Sofort stoben die Uniformierten auseinander, prügelten, zerrten und schubsten beide Gruppen in zwei angrenzende Tunneleingänge. Natasha sah Samuel. Er war aus der Masse getreten und schaute sich suchend um. Sie rief ihn über den Lärm hinweg. Er hörte sie nicht, tat ein paar Schritte auf die Frauengruppe zu. Augenblicklich zwang ein Uniformierter ihn mit einem Schlag in die Knie, trieb ihn in die Reihe zurück. Natasha wollte zu ihm, kämpfte sich durch die panisch in den Tunnel stürmenden Frauen. Doch bevor sie den Rand des Stroms erreichen konnte, hatte er sie schon mit sich gerissen. Vorwärts, immer vorwärts. Wäre sie stehengeblieben, hätten die Anderen sie niedergetrampelt. Ihr blieb also keine Wahl, als sich ihrem Schieben und Drängen zu fügen, begleitet von der schrecklichen Ahnung, Samuel niemals wiederzusehen.

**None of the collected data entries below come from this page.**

(* Let $q\ge 2$ be an integer and define $s_q(0)=0$ and $s_q(p)=s_q(p-1)+\lceil (s_q(p-1)+1)/(q-1)\rceil$ for positive integers $p$. Then $\operatorname{slog}(s_q(p),q)=p$ for all $p\ge0$, and for every integer $k\ge 0$, $\operatorname{slog}(k,q)$ equals the least $p\ge 0$ such that $k\le s_q(p)$.
   Context: The step logarithm is defined for positive integers $q$ and nonnegative integers $p$ by $\operatorname{slog}(0,q)=0$ and $\operatorname{slog}(p,q)=\operatorname{slog}(p-\lceil p/q\rceil,q)+1$ for $p\ge1$. *)

theory Defs
  imports Complex_Main
begin

function slog :: "nat \<Rightarrow> nat \<Rightarrow> nat" where
  "slog p q = (if p = 0 \<or> q = 0 then 0
               else slog (p - nat \<lceil>real p / real q\<rceil>) q + 1)"
  by auto
termination
proof (relation "measure fst")
  fix p q :: nat
  assume "\<not> (p = 0 \<or> q = 0)"
  then have "real p / real q > 0" by simp
  then have "nat \<lceil>real p / real q\<rceil> > 0" by simp
  with \<open>\<not> (p = 0 \<or> q = 0)\<close> show "((p - nat \<lceil>real p / real q\<rceil>, q), p, q) \<in> measure fst"
    by simp
qed auto

declare slog.simps [simp del]

fun sq :: "nat \<Rightarrow> nat \<Rightarrow> nat" where
  "sq q 0 = 0"
| "sq q (Suc p) = sq q p + nat \<lceil>(real (sq q p) + 1) / (real q - 1)\<rceil>"

end

theory Submission
  imports Defs
begin

text \<open>One step of the step logarithm sends \<open>k\<close> to \<open>k - \<lceil>k/q\<rceil>\<close>, and
  \<open>k - \<lceil>k/q\<rceil> \<le> m \<longleftrightarrow> k \<le> m + \<lceil>(m+1)/(q-1)\<rceil>\<close>. So \<open>s\<^sub>q(p)\<close> is the largest \<open>k\<close>
  reducible to \<open>0\<close> in \<open>p\<close> steps, i.e. \<open>slog k q \<le> p \<longleftrightarrow> k \<le> s\<^sub>q(p)\<close> by induction on \<open>p\<close>.
  This Galois connection together with strict monotonicity of \<open>s\<^sub>q\<close> gives both claims.\<close>

lemma diff_ceiling_divide_le_iff:
  fixes q k m :: nat
  assumes q: "q \<ge> 2"
  shows "k - nat \<lceil>real k / real q\<rceil> \<le> m \<longleftrightarrow>
         k \<le> m + nat \<lceil>(real m + 1) / (real q - 1)\<rceil>"
proof -
  have q_pos: "real q > 0" "real q - 1 > 0"
    using q by auto
  have ceilings_nonneg: "\<lceil>real k / real q\<rceil> \<ge> 0" "\<lceil>(real m + 1) / (real q - 1)\<rceil> \<ge> 0"
    using q_pos by (simp_all add: zero_le_ceiling less_le_trans[of "-1" 0])
  have "k - nat \<lceil>real k / real q\<rceil> \<le> m \<longleftrightarrow> int k - int m \<le> \<lceil>real k / real q\<rceil>"
    using ceilings_nonneg by linarith
  also have "\<dots> \<longleftrightarrow> real k - real m - 1 < real k / real q"
    unfolding le_ceiling_iff by simp
  also have "\<dots> \<longleftrightarrow> (real k - real m - 1) * real q < real k"
    using q_pos by (simp add: pos_less_divide_eq)
  also have "\<dots> \<longleftrightarrow> (real k - real m - 1) * (real q - 1) < real m + 1"
    by (simp add: algebra_simps)
  also have "\<dots> \<longleftrightarrow> real k - real m - 1 < (real m + 1) / (real q - 1)"
    using q_pos by (simp add: pos_less_divide_eq)
  also have "\<dots> \<longleftrightarrow> int k - int m \<le> \<lceil>(real m + 1) / (real q - 1)\<rceil>"
    unfolding le_ceiling_iff by simp
  also have "\<dots> \<longleftrightarrow> k \<le> m + nat \<lceil>(real m + 1) / (real q - 1)\<rceil>"
    using ceilings_nonneg by linarith
  finally show ?thesis .
qed

lemma slog_step:
  assumes "k > 0" and "q > 0"
  shows "slog k q = slog (k - nat \<lceil>real k / real q\<rceil>) q + 1"
  using assms by (subst slog.simps) simp

lemma slog_le_iff_le_sq:
  assumes q: "q \<ge> 2"
  shows "slog k q \<le> p \<longleftrightarrow> k \<le> sq q p"
proof (induction p arbitrary: k)
  case 0
  show ?case
    using q by (subst slog.simps) auto
next
  case (Suc p)
  show ?case
  proof (cases "k = 0")
    case True
    then show ?thesis by (subst slog.simps) simp
  next
    case False
    then show ?thesis
      using q slog_step[of k q] Suc diff_ceiling_divide_le_iff[OF q] by simp
  qed
qed

lemma sq_less_Suc:
  assumes "q \<ge> 2"
  shows "sq q p < sq q (Suc p)"
  using assms by (simp add: add_pos_pos)

lemma slog_eq_Least:
  assumes q: "q \<ge> 2"
  shows "slog k q = (LEAST p. k \<le> sq q p)"
  by (rule Least_equality[symmetric]) (simp_all add: slog_le_iff_le_sq[OF q, symmetric])

lemma slog_sq:
  assumes q: "q \<ge> 2"
  shows "slog (sq q p) q = p"
proof -
  have "slog (sq q p) q \<le> p"
    by (simp add: slog_le_iff_le_sq[OF q])
  moreover have "\<not> slog (sq q p) q \<le> p'" if "p = Suc p'" for p'
    using sq_less_Suc[OF q, of p'] that by (simp add: slog_le_iff_le_sq[OF q])
  ultimately show ?thesis
    by (cases p) auto
qed

theorem mainTheorem9:
  fixes q :: nat
  assumes "q \<ge> 2"
  shows "(\<forall>p. slog (sq q p) q = p) \<and>
         (\<forall>k. slog k q = (LEAST p. k \<le> sq q p))"
  using slog_sq[OF assms] slog_eq_Least[OF assms] by blast

end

Der Tunnel endete in einem kreisrunden Raum, von dem Nischen abgingen. Die Uniformierten teilten die Frauen in kleinere Gruppen auf und trieben sie dort hinein. Sobald eine Nische voll war, schnellten Gitterstäbe aus dem Boden und versperrten sie. Von allen Seiten gellten Schreie. Auf ihrem Weg zu einer der Nischen erhaschte Natasha einen Blick auf ein Gewirr aus mechanischen Armen, welches die Wände bis unter die hohe Decke beherrschte. Nackte Körper wurden darin herumgereicht wie Puppen. Grüne Energieblitze durchzuckten knallend die Luft. Es stank nach Blut und Chemikalien. Nachdem alle Gefangenen untergebracht waren, verließen die Uniformierten den Raum, riegelten den Tunnelzugang hinter sich ab.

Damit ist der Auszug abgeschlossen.